Mahfud menilai kelanjutan investigasi oleh Polda Metro Jaya berpotensi mengungkap pihak lain nan diduga terlibat di luar empat terdakwa nan sekarang menjalani proses di peradilan militer. Ia menyebut terdapat info mengenai 13 hingga 16 orang nan diduga berangkaian dengan kasus tersebut, termasuk kemungkinan adanya keterlibatan unsur sipil.
Selain itu, Mahfud menyebut andaikan investigasi nantinya menemukan tersangka dari kalangan sipil dan militer secara bersamaan, maka perkara itu dapat dibawa ke sistem peradilan koneksitas.

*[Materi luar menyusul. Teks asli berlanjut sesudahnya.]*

(* If a graph $G$ contains a strongly $1$-shallow $K_t$-minor, then $h_o(G)\geq t$.
   Context: A $K_t$-minor of a graph $G$ is given by $t$ pairwise vertex-disjoint connected subgraphs (bags) of $G$, any two of which are joined by an edge of $G$. A star is $K_{1,s}$ for some $s\ge1$. A $K_t$-minor is strongly $1$-shallow if each bag is either a single vertex or a star, and for every two bags there is a connecting edge of $G$ each of whose endpoints is either the unique vertex of a single-vertex bag or a leaf vertex of a star bag. A signed graph $(G,\sigma)$ is a graph with a map $\sigma:E(G)\to\{+,-\}$. Switching at a vertex $x$ changes the sign of every edge incident with $x$; this generates switching equivalence. $(H,\pi)$ is a minor of $(G,\sigma)$ if there exist a signature $\tau$ switching equivalent to $\sigma$ and pairwise vertex-disjoint subgraphs $B_x$ of $G$ ($x\in V(H)$) such that (i) the positive edges of each $B_x$ under $\tau$ form a connected spanning subgraph of $B_x$, and (ii) for each edge $xy$ of $H$ there is an edge $uv$ of $G$ with $u\in V(B_x)$, $v\in V(B_y)$ and $\tau(uv)=\pi(xy)$. $(G,-)$ denotes $G$ with all edges negative. The odd Hadwiger number $h_o(G)$ is the largest $t$ such that $(K_t,-)$ is a minor of $(G,-)$. *)

theory Defs
  imports Main
begin

definition graph :: "'a set \<Rightarrow> 'a set set \<Rightarrow> bool" where
  "graph V E \<longleftrightarrow> finite V \<and>
     (\<forall>e\<in>E. \<exists>u v. e = {u, v} \<and> u \<noteq> v \<and> u \<in> V \<and> v \<in> V)"

definition subgraph :: "'a set \<Rightarrow> 'a set set \<Rightarrow> 'a set \<Rightarrow> 'a set set \<Rightarrow> bool" where
  "subgraph W F V E \<longleftrightarrow> W \<subseteq> V \<and> F \<subseteq> E \<and> (\<forall>e\<in>F. e \<subseteq> W)"

definition connected_graph :: "'a set \<Rightarrow> 'a set set \<Rightarrow> bool" where
  "connected_graph W F \<longleftrightarrow> W \<noteq> {} \<and>
     (\<forall>u\<in>W. \<forall>v\<in>W. (\<lambda>x y. {x, y} \<in> F)\<^sup>*\<^sup>* u v)"

definition Kt_vertices :: "nat \<Rightarrow> nat set" where
  "Kt_vertices t = {0..<t}"

definition Kt_edges :: "nat \<Rightarrow> nat set set" where
  "Kt_edges t = {{i, j} | i j. i < t \<and> j < t \<and> i \<noteq> j}"

text \<open>Signatures: True = positive, False = negative.  Switching at vertex x.\<close>
definition switch_at :: "'a \<Rightarrow> ('a set \<Rightarrow> bool) \<Rightarrow> ('a set \<Rightarrow> bool)" where
  "switch_at x \<sigma> = (\<lambda>e. if x \<in> e then \<not> \<sigma> e else \<sigma> e)"

definition switching_equiv :: "'a set \<Rightarrow> ('a set \<Rightarrow> bool) \<Rightarrow> ('a set \<Rightarrow> bool) \<Rightarrow> bool" where
  "switching_equiv V \<sigma> \<tau> \<longleftrightarrow> (\<lambda>\<rho> \<rho>'. \<exists>x\<in>V. \<rho>' = switch_at x \<rho>)\<^sup>*\<^sup>* \<sigma> \<tau>"

definition signed_minor ::
  "'b set \<Rightarrow> 'b set set \<Rightarrow> ('b set \<Rightarrow> bool) \<Rightarrow> 'a set \<Rightarrow> 'a set set \<Rightarrow> ('a set \<Rightarrow> bool) \<Rightarrow> bool" where
  "signed_minor VH EH \<pi> V E \<sigma> \<longleftrightarrow>
     (\<exists>\<tau> (BV :: 'b \<Rightarrow> 'a set) (BE :: 'b \<Rightarrow> 'a set set).
        switching_equiv V \<sigma> \<tau> \<and>
        (\<forall>x\<in>VH. subgraph (BV x) (BE x) V E) \<and>
        (\<forall>x\<in>VH. \<forall>y\<in>VH. x \<noteq> y \<longrightarrow> BV x \<inter> BV y = {}) \<and>
        (\<forall>x\<in>VH. connected_graph (BV x) {e \<in> BE x. \<tau> e}) \<and>
        (\<forall>x y. {x, y} \<in> EH \<longrightarrow>
           (\<exists>u\<in>BV x. \<exists>v\<in>BV y. {u, v} \<in> E \<and> \<tau> {u, v} = \<pi> {x, y})))"

definition odd_hadwiger :: "'a set \<Rightarrow> 'a set set \<Rightarrow> nat" where
  "odd_hadwiger V E =
     Max {t. signed_minor (Kt_vertices t) (Kt_edges t) (\<lambda>_. False) V E (\<lambda>_. False)}"

text \<open>Bag i is given by a centre c i and a set of leaves L i:
  if L i = {} the bag is the single vertex c i, otherwise it is the star with centre c i
  and leaves L i (edges {c i, l}).  The admissible endpoints ("ports") of bag i are
  its unique vertex if single, else its leaves.\<close>
definition ports :: "'a \<Rightarrow> 'a set \<Rightarrow> 'a set" where
  "ports c L = (if L = {} then {c} else L)"

definition strongly_1_shallow_Kt_minor :: "'a set \<Rightarrow> 'a set set \<Rightarrow> nat \<Rightarrow> bool" where
  "strongly_1_shallow_Kt_minor V E t \<longleftrightarrow>
     (\<exists>(c :: nat \<Rightarrow> 'a) (L :: nat \<Rightarrow> 'a set).
        (\<forall>i<t. c i \<in> V \<and> L i \<subseteq> V \<and> finite (L i) \<and> c i \<notin> L i \<and>
               (\<forall>l\<in>L i. {c i, l} \<in> E)) \<and>
        (\<forall>i<t. \<forall>j<t. i \<noteq> j \<longrightarrow> insert (c i) (L i) \<inter> insert (c j) (L j) = {}) \<and>
        (\<forall>i<t. \<forall>j<t. i \<noteq> j \<longrightarrow>
           (\<exists>u\<in>ports (c i) (L i). \<exists>v\<in>ports (c j) (L j). {u, v} \<in> E)))"

end

theory Submission
  imports Defs
begin

text \<open>Switch at the centre of every bag that is a genuine star.  Each centre--leaf edge then
  has exactly one switched endpoint and becomes positive, so every bag is spanned by positive
  edges; the connecting edges of the minor join single vertices and leaves, none of which is
  switched, so they stay negative.\<close>

lemma foldr_switch_at_eq:
  assumes "distinct xs"
  shows "foldr switch_at xs \<sigma> e = (\<sigma> e \<noteq> odd (card (set xs \<inter> e)))"
  using assms
proof (induction xs)
  case (Cons x xs)
  then have "card (set (x # xs) \<inter> e) =
      (if x \<in> e then Suc (card (set xs \<inter> e)) else card (set xs \<inter> e))"
    by (simp add: Int_insert_left)
  with Cons show ?case by (simp add: switch_at_def)
qed simp

lemma switching_equiv_foldr_switch_at:
  assumes "set xs \<subseteq> V"
  shows "switching_equiv V \<sigma> (foldr switch_at xs \<sigma>)"
  using assms
proof (induction xs)
  case Nil
  then show ?case by (simp add: switching_equiv_def)
next
  case (Cons x xs)
  then have "switching_equiv V \<sigma> (foldr switch_at xs \<sigma>)" by simp
  with Cons.prems show ?case
    unfolding switching_equiv_def by (auto intro: rtranclp.rtrancl_into_rtrancl)
qed

lemma switching_equiv_switch_set:
  assumes "finite S" "S \<subseteq> V"
  shows "switching_equiv V \<sigma> (\<lambda>e. \<sigma> e \<noteq> odd (card (S \<inter> e)))"
proof -
  obtain xs where xs: "set xs = S" "distinct xs"
    using finite_distinct_list[OF assms(1)] by blast
  then have "foldr switch_at xs \<sigma> = (\<lambda>e. \<sigma> e \<noteq> odd (card (S \<inter> e)))"
    by (auto simp: foldr_switch_at_eq)
  with switching_equiv_foldr_switch_at[of xs V \<sigma>] xs assms(2) show ?thesis by simp
qed

lemma connected_graph_star: "connected_graph (insert c L) {{c, l} | l. l \<in> L}"
proof -
  let ?R = "\<lambda>a b. {a, b} \<in> {{c, l} | l. l \<in> L}"
  have "?R u c \<and> ?R c u" if "u \<in> L" for u
    using that by (auto simp: insert_commute)
  then have "?R\<^sup>*\<^sup>* u c \<and> ?R\<^sup>*\<^sup>* c u" if "u \<in> insert c L" for u
    using that by auto
  then show ?thesis
    unfolding connected_graph_def by (blast intro: rtranclp_trans)
qed

lemma signed_minor_Kt_le_card:
  assumes "finite V" "signed_minor (Kt_vertices s) (Kt_edges s) \<pi> V E \<sigma>"
  shows "s \<le> card V"
proof -
  obtain \<tau> BV BE where
    sub: "\<forall>x\<in>Kt_vertices s. subgraph (BV x) (BE x) V E" and
    dis: "\<forall>x\<in>Kt_vertices s. \<forall>y\<in>Kt_vertices s. x \<noteq> y \<longrightarrow> BV x \<inter> BV y = {}" and
    con: "\<forall>x\<in>Kt_vertices s. connected_graph (BV x) {e \<in> BE x. \<tau> e}"
    using assms(2) unfolding signed_minor_def by blast
  have "\<forall>i\<in>{0..<s}. \<exists>v. v \<in> BV i"
    using con unfolding connected_graph_def Kt_vertices_def by blast
  then obtain f where f: "\<And>i. i < s \<Longrightarrow> f i \<in> BV i"
    by (metis atLeastLessThan_iff zero_le)
  have "inj_on f {0..<s}"
    using f dis unfolding inj_on_def Kt_vertices_def by (metis IntI atLeastLessThan_iff empty_iff)
  moreover have "f ` {0..<s} \<subseteq> V"
    using f sub unfolding subgraph_def Kt_vertices_def by fastforce
  ultimately show ?thesis
    using card_inj_on_le[OF _ _ assms(1)] by fastforce
qed

lemma odd_hadwiger_ge:
  assumes "finite V" "signed_minor (Kt_vertices t) (Kt_edges t) (\<lambda>_. False) V E (\<lambda>_. False)"
  shows "t \<le> odd_hadwiger V E"
  unfolding odd_hadwiger_def
proof (rule Max_ge)
  show "finite {t. signed_minor (Kt_vertices t) (Kt_edges t) (\<lambda>_. False) V E (\<lambda>_. False)}"
    by (rule finite_subset[of _ "{..card V}"])
      (use signed_minor_Kt_le_card[OF assms(1)] in auto)
qed (use assms(2) in simp)

locale strongly_1_shallow_Kt_model =
  fixes V :: "'a set" and E :: "'a set set" and t :: nat
    and c :: "nat \<Rightarrow> 'a" and L :: "nat \<Rightarrow> 'a set"
  assumes bag: "\<And>i. i < t \<Longrightarrow> c i \<in> V \<and> L i \<subseteq> V \<and> finite (L i) \<and> c i \<notin> L i \<and>
                  (\<forall>l\<in>L i. {c i, l} \<in> E)"
    and bags_disjoint: "\<And>i j. i < t \<Longrightarrow> j < t \<Longrightarrow> i \<noteq> j \<Longrightarrow>
                  insert (c i) (L i) \<inter> insert (c j) (L j) = {}"
    and bags_adjacent: "\<And>i j. i < t \<Longrightarrow> j < t \<Longrightarrow> i \<noteq> j \<Longrightarrow>
                  \<exists>u\<in>ports (c i) (L i). \<exists>v\<in>ports (c j) (L j). {u, v} \<in> E"
begin

definition star_centres :: "'a set" where
  "star_centres = c ` {i. i < t \<and> L i \<noteq> {}}"

definition switched :: "'a set \<Rightarrow> bool" where
  "switched e \<longleftrightarrow> odd (card (star_centres \<inter> e))"

lemma switching_equiv_switched: "switching_equiv V (\<lambda>_. False) switched"
proof -
  have "finite star_centres" "star_centres \<subseteq> V"
    using bag by (auto simp: star_centres_def)
  from switching_equiv_switch_set[OF this, of "\<lambda>_. False"] show ?thesis
    by (simp add: switched_def[abs_def])
qed

lemma leaf_notin_star_centres:
  assumes "i < t" "l \<in> L i"
  shows "l \<notin> star_centres"
proof
  assume "l \<in> star_centres"
  then obtain j where "j < t" "L j \<noteq> {}" "l = c j"
    by (auto simp: star_centres_def)
  with assms bag bags_disjoint[of i j] show False
    by (cases "i = j") auto
qed

lemma port_notin_star_centres:
  assumes "i < t" "u \<in> ports (c i) (L i)"
  shows "u \<notin> star_centres"
proof (cases "L i = {}")
  case True
  show ?thesis
  proof
    assume "u \<in> star_centres"
    then obtain j where "j < t" "L j \<noteq> {}" "u = c j"
      by (auto simp: star_centres_def)
    with assms True bags_disjoint[of i j] show False
      by (cases "i = j") (auto simp: ports_def)
  qed
next
  case False
  with assms leaf_notin_star_centres show ?thesis
    by (simp add: ports_def)
qed

lemma switched_star_edge:
  assumes "i < t" "l \<in> L i"
  shows "switched {c i, l}"
proof -
  have "c i \<in> star_centres"
    using assms by (auto simp: star_centres_def)
  with leaf_notin_star_centres[OF assms] have "star_centres \<inter> {c i, l} = {c i}"
    by auto
  then show ?thesis
    by (simp add: switched_def)
qed

lemma not_switched_port_edge:
  assumes "i < t" "j < t" "u \<in> ports (c i) (L i)" "v \<in> ports (c j) (L j)"
  shows "\<not> switched {u, v}"
proof -
  have "star_centres \<inter> {u, v} = {}"
    using port_notin_star_centres assms by auto
  then show ?thesis
    by (simp add: switched_def)
qed

lemma odd_Kt_minor: "signed_minor (Kt_vertices t) (Kt_edges t) (\<lambda>_. False) V E (\<lambda>_. False)"
  unfolding signed_minor_def
proof (intro exI conjI ballI allI impI)
  let ?BV = "\<lambda>i. insert (c i) (L i)" and ?BE = "\<lambda>i. {{c i, l} | l. l \<in> L i}"
  show "switching_equiv V (\<lambda>_. False) switched"
    by (rule switching_equiv_switched)
  fix x y
  assume "x \<in> Kt_vertices t"
  then have x: "x < t"
    by (simp add: Kt_vertices_def)
  show "subgraph (?BV x) (?BE x) V E"
    using bag[OF x] unfolding subgraph_def by auto
  have "{e \<in> ?BE x. switched e} = ?BE x"
    using switched_star_edge[OF x] by auto
  then show "connected_graph (?BV x) {e \<in> ?BE x. switched e}"
    by (simp add: connected_graph_star)
  assume "y \<in> Kt_vertices t" "x \<noteq> y"
  then show "?BV x \<inter> ?BV y = {}"
    using bags_disjoint x by (simp add: Kt_vertices_def)
next
  fix x y
  assume "{x, y} \<in> Kt_edges t"
  then have xy: "x < t" "y < t" "x \<noteq> y"
    unfolding Kt_edges_def by (auto simp: doubleton_eq_iff)
  then obtain u v where uv: "u \<in> ports (c x) (L x)" "v \<in> ports (c y) (L y)" "{u, v} \<in> E"
    using bags_adjacent by blast
  moreover have "u \<in> insert (c x) (L x)" "v \<in> insert (c y) (L y)"
    using uv by (auto simp: ports_def split: if_splits)
  ultimately show "\<exists>u\<in>insert (c x) (L x). \<exists>v\<in>insert (c y) (L y).
      {u, v} \<in> E \<and> switched {u, v} = False"
    using not_switched_port_edge[OF xy(1,2) uv(1,2)] by auto
qed

end

theorem lemma2p1:
  fixes V :: "'a set" and E :: "'a set set" and t :: nat
  assumes "graph V E"
    and "strongly_1_shallow_Kt_minor V E t"
  shows "odd_hadwiger V E \<ge> t"
proof -
  obtain c L where
    "\<forall>i<t. c i \<in> V \<and> L i \<subseteq> V \<and> finite (L i) \<and> c i \<notin> L i \<and> (\<forall>l\<in>L i. {c i, l} \<in> E)"
    "\<forall>i<t. \<forall>j<t. i \<noteq> j \<longrightarrow> insert (c i) (L i) \<inter> insert (c j) (L j) = {}"
    "\<forall>i<t. \<forall>j<t. i \<noteq> j \<longrightarrow> (\<exists>u\<in>ports (c i) (L i). \<exists>v\<in>ports (c j) (L j). {u, v} \<in> E)"
    using assms(2) unfolding strongly_1_shallow_Kt_minor_def by blast
  then interpret strongly_1_shallow_Kt_model V E t c L
    by unfold_locales simp_all
  have "finite V"
    using assms(1) by (simp add: graph_def)
  from odd_hadwiger_ge[OF this odd_Kt_minor] show ?thesis .
qed

end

Namun, dia mengakui penerapan peradilan koneksitas tidak mudah. Mahfud juga menilai ada kecenderungan dari pihak TNI untuk menolak jalur tersebut lantaran menganggap kasus itu tidak melibatkan penduduk sipil. “Saya menangkap kecenderungannya TNI itu gak mau koneksitas lantaran menganggap tidak ada sipilnya,” katanya.
Lebih lanjut, Mahfud turut menyoroti belum direvisinya Undang-Undang Nomor 31 Tahun 1997 tentang Peradilan Militer. Padahal, menurut dia, patokan nan lebih tinggi seperti TAP MPR Nomor VII Tahun 2000 dan Undang-Undang Nomor 34 Tahun 2004 tentang TNI telah mengatur bahwa personil militer nan melakukan tindak pidana umum semestinya diadili di peradilan umum.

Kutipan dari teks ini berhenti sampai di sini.